Et sur cette observation, le marchand de meubles et la concierge se quittèrent.

Jean-Baptiste Flack avait fait semblant d’examiner la vitrine d’un chapelier voisin, et il n’avait pas perdu une syllabe de cette conversation.

Il devint pâle comme un mort.

Pour lui, il était incontestable que l’on parlait de Caudirol et de la Sauvage.

En effet, le défroqué venait de vendre le mobilier de sa maîtresse et tous les deux avaient disparu. Ils n’avaient emporté qu’une valise et quelques menus objets.

Nos lecteurs devineront que c’était du côté de Nantes et non pas en Russie que le couple sanglant avait pris son vol.

Caudirol, on le sait, rêvait de conquérir la fortune et le titre des anciens duc de Lormière.

Flack restait dans la rue, immobile, comme pétrifié. Aucun espoir ne lui restait.

Son maître allait se trouver la victime d’une épouvantable erreur judiciaire, et tous les éléments de sa justification s’étaient évanouis…

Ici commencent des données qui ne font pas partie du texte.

lemma star_sub_arc_biclique:
  assumes wf: "wf_graph G" and n: "no_isolated_edge G" and y: "y \<in> verts (burgeon G)"
    and B: "B \<subseteq> verts (burgeon G)" "\<forall>b\<in>B. adj (burgeon G) y b"
      "\<forall>b\<in>B. \<forall>b'\<in>B. \<not> adj (burgeon G) b b'"
  shows "\<exists>t\<in>two_arcs G. insert y B \<subseteq> arc_biclique t"
proof -
  obtain v u where yv: "y = prod_encode (v,u)" "adj G v u" using burgeon_vertE[OF wf y] .
  have bform: "b = prod_encode (u,v) \<or> (\<exists>w. adj G v w \<and> w \<noteq> u \<and> b = prod_encode (v,w))"
    if bB: "b \<in> B" for b
  proof -
    obtain b1 b2 where bb: "b = prod_encode (b1,b2)" "adj G b1 b2"
      using burgeon_vertE[OF wf] B(1) bB by blast
    have "dart_adj (v,u) (b1,b2)" using B(2) bB bb yv adj_burgeon[OF wf] by auto
    thus ?thesis using bb unfolding dart_adj_def by auto
  qed
  show ?thesis
  proof (cases "\<exists>w. adj G v w \<and> w \<noteq> u \<and> prod_encode (v,w) \<in> B")
    case True
    then obtain w where w: "adj G v w" "w \<noteq> u" "prod_encode (v,w) \<in> B" by blast
    have "b' \<in> {prod_encode (u,v), prod_encode (v,w)}" if b': "b' \<in> B" for b'
    proof (cases "b' = prod_encode (u,v)")
      case False
      then obtain w' where w': "adj G v w'" "w' \<noteq> u" "b' = prod_encode (v,w')"
        using bform b' by blast
      have "\<not> dart_adj (v,w) (v,w')"
        using B(3) w(3) b' adj_burgeon[OF wf w(1) w'(1)] w' by simp
      thus ?thesis using w' unfolding dart_adj_def by simp
    qed simp
    moreover have "(u,v,w) \<in> two_arcs G" using yv w adj_sym by (simp add: two_arcs_def)
    ultimately show ?thesis using yv by (intro bexI[of _ "(u,v,w)"]) (auto simp: arc_biclique_eq)
  next
    case False
    hence "B \<subseteq> {prod_encode (u,v)}" using bform by blast
    thus ?thesis using edge_sub_arc_biclique[OF n yv(2)] yv by blast
  qed
qed

lemma induced_cbip_burgeon_sub_arc_biclique:
  assumes wf: "wf_graph G" and n: "no_isolated_edge G" and c: "induced_cbip (burgeon G) S"
  shows "\<exists>t\<in>two_arcs G. S \<subseteq> arc_biclique t"
proof -
  obtain A B where AB: "S \<subseteq> verts (burgeon G)" "A \<noteq> {}" "B \<noteq> {}" "A \<inter> B = {}" "A \<union> B = S"
    "\<forall>a\<in>A. \<forall>b\<in>B. adj (burgeon G) a b" "\<forall>a\<in>A. \<forall>a'\<in>A. \<not> adj (burgeon G) a a'"
    "\<forall>b\<in>B. \<forall>b'\<in>B. \<not> adj (burgeon G) b b'"
    using c unfolding induced_cbip_def by blast
  have "\<not> ((\<exists>a\<in>A. \<exists>a'\<in>A. a \<noteq> a') \<and> (\<exists>b\<in>B. \<exists>b'\<in>B. b \<noteq> b'))"
  proof
    assume "(\<exists>a\<in>A. \<exists>a'\<in>A. a \<noteq> a') \<and> (\<exists>b\<in>B. \<exists>b'\<in>B. b \<noteq> b')"
    then obtain a a' b b' where "a \<in> A" "a' \<in> A" "a \<noteq> a'" "b \<in> B" "b' \<in> B" "b \<noteq> b'"
      by blast
    moreover from this have "a \<in> verts (burgeon G)" "a' \<in> verts (burgeon G)"
      "b \<in> verts (burgeon G)" "b' \<in> verts (burgeon G)" using AB(1,5) by auto
    ultimately show False using burgeon_no_K22[OF wf] AB(6,7) by metis
  qed
  hence "(\<exists>y. A = {y}) \<or> (\<exists>y. B = {y})" using AB(2,3) by blast
  thus ?thesis
  proof
    assume "\<exists>y. A = {y}"
    then obtain y where y: "A = {y}" by blast
    thus ?thesis using star_sub_arc_biclique[OF wf n, of y B] AB by auto
  next
    assume "\<exists>y. B = {y}"
    then obtain y where y: "B = {y}" by blast
    have "\<forall>a\<in>A. adj (burgeon G) y a" using AB(6) y adj_sym by (metis singletonI)
    thus ?thesis using star_sub_arc_biclique[OF wf n, of y A] AB y by auto
  qed
qed

lemma arc_darts_eq:
  assumes "u \<noteq> v" "v \<noteq> w" "u \<noteq> w" "u' \<noteq> v'" "v' \<noteq> w'" "u' \<noteq> w'"
    "arc_darts (u,v,w) = arc_darts (u',v',w')"
  shows "(u,v,w) = (u',v',w')"
proof -
  have "{(u,v),(v,u),(v,w)} = {(u',v'),(v',u'),(v',w')}" using assms(7) by simp
  hence "(v,u) \<in> {(u',v'),(v',u'),(v',w')}" "(v,w) \<in> {(u',v'),(v',u'),(v',w')}"
       "(u,v) \<in> {(u',v'),(v',u'),(v',w')}" by blast+
  thus ?thesis using assms(1-6) by auto
qed

lemma arc_biclique_cbip:
  assumes wf: "wf_graph G" and t: "t \<in> two_arcs G"
  shows "induced_cbip (burgeon G) (arc_biclique t)"
proof -
  obtain u v w where t_eq: "t = (u,v,w)" by (cases t)
  note d = two_arcsD[OF wf t[unfolded t_eq]]
  let ?a = "prod_encode (v,u)" and ?b1 = "prod_encode (u,v)" and ?b2 = "prod_encode (v,w)"
  have "?a \<in> verts (burgeon G)" "?b1 \<in> verts (burgeon G)" "?b2 \<in> verts (burgeon G)"
    using d verts_burgeon[OF wf] by (auto simp: darts_def)
  moreover have "adj (burgeon G) ?a ?b1" "adj (burgeon G) ?a ?b2" "\<not> adj (burgeon G) ?b1 ?b2"
    "\<not> adj (burgeon G) ?b2 ?b1" "\<not> adj (burgeon G) ?a ?a"
    "\<not> adj (burgeon G) ?b1 ?b1" "\<not> adj (burgeon G) ?b2 ?b2"
    using d adj_burgeon[OF wf] by (auto simp: dart_adj_def)
  moreover have "{?a} \<inter> {?b1, ?b2} = {}" using d by (auto simp: prod_encode_eq)
  ultimately show ?thesis
    unfolding induced_cbip_def t_eq arc_biclique_def
    by (intro conjI exI[of _ "{?a}"] exI[of _ "{?b1, ?b2}"]) auto
qed

lemma card_arc_biclique:
  assumes "wf_graph G" "t \<in> two_arcs G"
  shows "card (arc_biclique t) = 3"
proof -
  obtain u v w where t: "t = (u,v,w)" by (cases t)
  show ?thesis using two_arcsD[OF assms(1) assms(2)[unfolded t]] t
    by (simp add: arc_biclique_def prod_encode_eq)
qed

lemma inj_on_arc_biclique: "wf_graph G \<Longrightarrow> inj_on arc_biclique (two_arcs G)"
proof (rule inj_onI)
  fix t t' assume wf: "wf_graph G" and tt: "t \<in> two_arcs G" "t' \<in> two_arcs G"
    and eq: "arc_biclique t = arc_biclique t'"
  obtain u v w u' v' w' where tv: "t = (u,v,w)" "t' = (u',v',w')" by (cases t, cases t')
  note a = two_arcsD[OF wf tt(1)[unfolded tv]] and b = two_arcsD[OF wf tt(2)[unfolded tv]]
  have "arc_darts t = arc_darts t'"
    using eq unfolding arc_biclique_def by (simp only: inj_image_eq_iff[OF inj_prod_encode])
  thus "t = t'" using arc_darts_eq[OF a(5,6,7) b(5,6,7)] tv by simp
qed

Il rentra à la maison du docteur, où il retrouva Madeleine.

Son cœur avait besoin de s’épancher. Il raconta à la femme de chambre tout ce qui s’était passé, tout ce qu’il savait.

Elle demeura épouvantée à son tour.

— Oh ! c’est affreux. L’innocent sera condamné… Il n’y a plus d’espoir !

Cette phrase rendit une lueur d’énergie à Flack.

— Non, fit-il, c’est vrai. — Et cependant, j’espère !

La fatalité s’était acharnée sur d’innocentes victimes.

On se souvient que Lydia, la petite fille du père Marius, était en la possession de Sacrais et de la hideuse Mécharde.

Marita, la vieille Italienne, continuait de végéter dans la rue des Lyonnais, sans pouvoir venger sa Pitchounette.

Enfin, le Docteur-Noir était emprisonné et se trouvait sous le coup d’une accusation entraînant la peine capitale.

À côté de ces navrantes infortunes, le génie du mal était victorieux.

Caudirol triomphait.

Mais la situation changera.

Nos lecteurs verront, dans le deuxième livre de cet ouvrage, nos personnages reparaître et l’intrigue se poursuivre.

La suite du VAMPIRE s’appellera le DOCTEUR-NOIR.

Après la chance du bandit, nous devons décrire les luttes de l’honnête homme.